- Born: Anthony Leondis New York City, U.S.
- Education: Hellenic College
- Occupations: Animator, storyboard artist, voice actor, filmmaker
- Years active: 1997–2017
- Notable work: Lilo & Stitch 2: Stitch Has a Glitch, Igor, Kung Fu Panda: Secrets of the Masters, The Emoji Movie

= Tony Leondis =

American film director and animator

Anthony Leondis is an American former animator, storyboard artist, filmmaker, and voice actor, known for directing The Emoji Movie, Lilo & Stitch 2: Stitch Has a Glitch, and Igor.

==Career==
Tony Leondis was at CalArts for a time, and had the opportunity to enter the industry thanks to his then professor Brenda Chapman, who offered him an internship to work on one of her films, The Prince of Egypt. After about 6 months, Leondis ended up working as a story artist on that film full-time.

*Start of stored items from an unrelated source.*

(* Let $\lambda_2$ be the second smallest eigenvalue of the Laplacian of $G$ and $\psi_c=8\,n\,\Delta\, s_{\max}/\lambda_2$. Suppose $m\ge 8\,\delta\, n^2\,\mathcal{S}\, s_{\max}$ for some $\delta>1$. Then every state $x$ with $\Psi_0(x)\le 4\psi_c$ is a $2/(1+\delta)$-approximate Nash equilibrium.
   Context: $G=(V,E)$ is a connected undirected graph on $n\ge2$ vertices with maximum degree $\Delta$; its Laplacian $L$ has $L_{ii}=\deg(i)$, $L_{ij}=-1$ if $\{i,j\}\in E$, $0$ otherwise. Processor $i$ has speed $s_i>0$, scaled so the smallest speed is $1$; $s_{\max}=\max_i s_i$, $\mathcal{S}=\sum_i s_i$. There are $m$ unit tasks; a state $x$ assigns each task to a processor, $w_i(x)$ is the number of tasks on $i$ and $\ell_i(x)=w_i(x)/s_i$. $\Psi_0(x)=\sum_i (w_i(x)-m s_i/\mathcal{S})^2/s_i$. A state is an $\varepsilon$-approximate Nash equilibrium if $(1-\varepsilon)\ell_i-\ell_j\le 1/s_j$ for every ordered pair $(i,j)$ of adjacent processors. *)

theory Defs
  imports "Jordan_Normal_Form.Char_Poly" "HOL-Library.Multiset"
begin

definition adj_on :: "nat \<Rightarrow> (nat \<Rightarrow> nat \<Rightarrow> bool) \<Rightarrow> nat \<Rightarrow> nat \<Rightarrow> bool" where
  "adj_on n E i j \<longleftrightarrow> i < n \<and> j < n \<and> E i j"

Leondis started his career as a story artist working on films such as The Prince of Egypt and The Lion King II: Simba's Pride. He later joined DisneyToon Studios, where he co-wrote the script for Kronk's New Groove. Leondis made his directorial debut on Lilo & Stitch 2: Stitch Has a Glitch in 2005. In 2008, he directed his first theatrical animated film, Igor, for Exodus Film Group.

Since 2009, he was directing at DreamWorks Animation an animated feature film about ghosts. Leondis originally pitched the film as a school story called BOO U, but during development over the next few years, the plot would be drastically changed. Leondis went on to direct the Kung Fu Panda short Secrets of the Masters. Finally, in 2012, his ghost film, now called B.O.O. Otherworldly Operations Office took its apparent final form and entered pre-production. Leondis also directed this version of the film, alongside Ryan O'Loughlin, who became co-director.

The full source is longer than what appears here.